Hello i am trying to change my nebula Genomics report to 23 and me Format i have to problems nebula uses 38 human ensemble and 23 and me 37, I was thinking to do a python script but i have some doubts:
My plan was to change the genotype according to 23 and ME format (the two copies of each allele) using the genotipe provided in VCF 0/1 .. etc.. 0 means Reference i means i-th alternate right?
But i don't understand for example this
chr4 169311085 rs199775492 ATTT A ,AT 1/2
The reference is ATTT ? and the sample genotype would be: A AT right?
but 23and me format does not admit that: As far as i understand the genotype to 23 and me would be DD ? right? since both alleles have deletions? I am understanding correctly?
after that is done for changing ensamble i need to change all de ID and physical coordintates, right? where can i get such a map .. I am thinking to use mongoDB or sqlite3 i dont know what database would be better.

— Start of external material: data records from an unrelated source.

(* Let $G=(V,E)$ be a connected hypergraph with at least two vertices. Then: (a) there exists at least one construction sequence; (b) if $G$ is a hypertree, then every construction sequence $(A_1,\ldots,A_m)$ satisfies $\big|\big(\bigcup_{i=1}^{\ell-1}A_i\big)\cap A_\ell\big|=1$ for all $2\le\ell\le m$; (c) if $G$ is not a hypertree, then every construction sequence $(A_1,\ldots,A_m)$ satisfies $\big|\big(\bigcup_{i=1}^{\ell-1}A_i\big)\cap A_\ell\big|\ge2$ for at least one $\ell$.
   Context: A hypergraph is a pair $G=(V,E)$ with $V$ finite and $E$ a set of subsets of $V$, each of cardinality at least 2. A walk is a sequence $(v_0,e_1,v_1,\ldots,e_k,v_k)$ with $v_i\in V$, $e_i\in E$ and $v_{i-1},v_i\in e_i$; $G$ is connected if any two vertices are joined by a walk. A cycle is a walk with $v_0,\ldots,v_{k-1}$ distinct, $v_k=v_0$, $e_1,\ldots,e_k$ distinct and $k\ge2$. A hypertree is a connected hypergraph with no cycles. For a connected hypergraph with $|V|\ge2$, a construction sequence is an ordering $(A_1,\ldots,A_m)$ of all of $E$ such that $\big(\bigcup_{i=1}^{\ell-1}A_i\big)\cap A_\ell\neq\emptyset$ for $2\le\ell\le m$. *)

theory Defs
  imports Main
begin

definition hypergraph :: "'a set \<Rightarrow> 'a set set \<Rightarrow> bool" where
  "hypergraph V E \<longleftrightarrow> finite V \<and> (\<forall>e\<in>E. e \<subseteq> V \<and> card e \<ge> 2)"

text \<open>A walk (v_0,e_1,v_1,...,e_k,v_k) is given by the vertex list vs = [v_0,...,v_k]
  and the edge list es = [e_1,...,e_k]; so length vs = length es + 1.\<close>
definition is_walk :: "'a set \<Rightarrow> 'a set set \<Rightarrow> 'a list \<Rightarrow> 'a set list \<Rightarrow> bool" where
  "is_walk V E vs es \<longleftrightarrow> length vs = Suc (length es) \<and> set vs \<subseteq> V \<and> set es \<subseteq> E \<and>
     (\<forall>i < length es. vs ! i \<in> es ! i \<and> vs ! Suc i \<in> es ! i)"

definition hg_connected :: "'a set \<Rightarrow> 'a set set \<Rightarrow> bool" where
  "hg_connected V E \<longleftrightarrow> (\<forall>u\<in>V. \<forall>w\<in>V. \<exists>vs es. is_walk V E vs es \<and> hd vs = u \<and> last vs = w)"

definition is_cycle :: "'a set \<Rightarrow> 'a set set \<Rightarrow> 'a list \<Rightarrow> 'a set list \<Rightarrow> bool" where
  "is_cycle V E vs es \<longleftrightarrow> is_walk V E vs es \<and> length es \<ge> 2 \<and>
     distinct (butlast vs) \<and> last vs = hd vs \<and> distinct es"

definition hypertree :: "'a set \<Rightarrow> 'a set set \<Rightarrow> bool" where
  "hypertree V E \<longleftrightarrow> hg_connected V E \<and> \<not> (\<exists>vs es. is_cycle V E vs es)"

text \<open>Construction sequence (A_1,...,A_m) as a list As (0-indexed: As!0 = A_1):
  an ordering of all of E, and for 2 \<le> l \<le> m, (A_1 \<union> ... \<union> A_(l-1)) \<inter> A_l \<noteq> {}.\<close>
definition construction_seq :: "'a set set \<Rightarrow> 'a set list \<Rightarrow> bool" where
  "construction_seq E As \<longleftrightarrow> distinct As \<and> set As = E \<and>
     (\<forall>l. 2 \<le> l \<and> l \<le> length As \<longrightarrow> (\<Union>i\<in>{1..<l}. As ! (i - 1)) \<inter> As ! (l - 1) \<noteq> {})"

end

theory Submission
  imports Defs
begin

text \<open>A construction sequence is grown greedily: in a connected hypergraph some unused edge
  always meets the union of the edges used so far. The edges of every prefix of a construction
  sequence form a connected family. So if \<open>A\<^sub>l\<close> met the earlier union in two vertices, a path
  between them through earlier edges would be closed by \<open>A\<^sub>l\<close> to a cycle. Conversely, given a
  cycle, let \<open>A\<^sub>l\<close> be its edge occurring last in the sequence: both of its vertices on the cycle
  also lie on a neighbouring cycle edge, which occurs earlier.\<close>

inductive walk_on :: "'a set set \<Rightarrow> 'a list \<Rightarrow> 'a set list \<Rightarrow> bool" for F where
  walk_on_single: "walk_on F [x] []"
| walk_on_Cons: "e \<in> F \<Longrightarrow> x \<in> e \<Longrightarrow> y \<in> e \<Longrightarrow> walk_on F (y # vs) es \<Longrightarrow> walk_on F (x # y # vs) (e # es)"

lemma walk_on_length: "walk_on F vs es \<Longrightarrow> length vs = Suc (length es)"
  by (induction rule: walk_on.induct) auto

lemma walk_on_not_Nil: "walk_on F vs es \<Longrightarrow> vs \<noteq> []"
  using walk_on_length by fastforce

lemma walk_on_mono: "walk_on F vs es \<Longrightarrow> F \<subseteq> G \<Longrightarrow> walk_on G vs es"
  by (induction rule: walk_on.induct) (auto intro: walk_on.intros)

lemma walk_on_vertices: "walk_on F vs es \<Longrightarrow> set vs \<subseteq> insert (hd vs) (\<Union>(set es))"
  by (induction rule: walk_on.induct) auto

lemma walk_on_iff_nth:
  "walk_on F vs es \<longleftrightarrow> length vs = Suc (length es) \<and> set es \<subseteq> F \<and>
     (\<forall>i < length es. vs ! i \<in> es ! i \<and> vs ! Suc i \<in> es ! i)"
proof (induction es arbitrary: vs)
  case Nil
  show ?case
    by (auto elim: walk_on.cases intro: walk_on.intros simp: length_Suc_conv)
next
  case (Cons e es)
  show ?case
  proof
    assume "walk_on F vs (e # es)"
    then show "length vs = Suc (length (e # es)) \<and> set (e # es) \<subseteq> F \<and>
        (\<forall>i < length (e # es). vs ! i \<in> (e # es) ! i \<and> vs ! Suc i \<in> (e # es) ! i)"
      by cases (auto simp: Cons.IH less_Suc_eq_0_disj)
  next
    assume "length vs = Suc (length (e # es)) \<and> set (e # es) \<subseteq> F \<and>
        (\<forall>i < length (e # es). vs ! i \<in> (e # es) ! i \<and> vs ! Suc i \<in> (e # es) ! i)"
    moreover from this obtain x y vs' where "vs = x # y # vs'"
      by (auto simp: length_Suc_conv)
    ultimately show "walk_on F vs (e # es)"
      by (force intro!: walk_on_Cons simp: Cons.IH)
  qed
qed

lemma is_walk_iff_walk_on: "is_walk V E vs es \<longleftrightarrow> set vs \<subseteq> V \<and> walk_on E vs es"
  unfolding is_walk_def walk_on_iff_nth by blast

lemma walk_on_append:
  "walk_on F (vs @ [u]) es \<Longrightarrow> walk_on F (u # ws) fs \<Longrightarrow> walk_on F (vs @ u # ws) (es @ fs)"
proof (induction "vs @ [u]" es arbitrary: vs rule: walk_on.induct)
  case (walk_on_single x)
  then show ?case by simp
next
  case (walk_on_Cons e x y vs' es)
  then obtain vs'' where "vs = x # vs''" "y # vs' = vs'' @ [u]"
    by (cases vs) auto
  with walk_on_Cons show ?case
    by (cases vs'') (auto intro: walk_on.intros)
qed

lemma walk_on_append_last:
  "walk_on F vs es \<Longrightarrow> walk_on F (last vs # ws) fs \<Longrightarrow> walk_on F (vs @ ws) (es @ fs)"
  by (metis append_butlast_last_id append_assoc append_Cons append_Nil walk_on_append walk_on_not_Nil)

If there is some software that does all that for me i would be very happy but i haven't found any i found this script
https://github.com/2sh/vcf-to-23andme/blob/master/data_to_db.py
but i don't know why i does not work... its pretty old i guess maybe it asummes i have the same ensamble 37 human ensemble at the beginning, but i have been aligned using the 38 (i think since my VCF file says ##reference=file:///mnt/ssd/MegaBOLT_scheduler/reference/hg38.fa)
I am understanding things correctly ??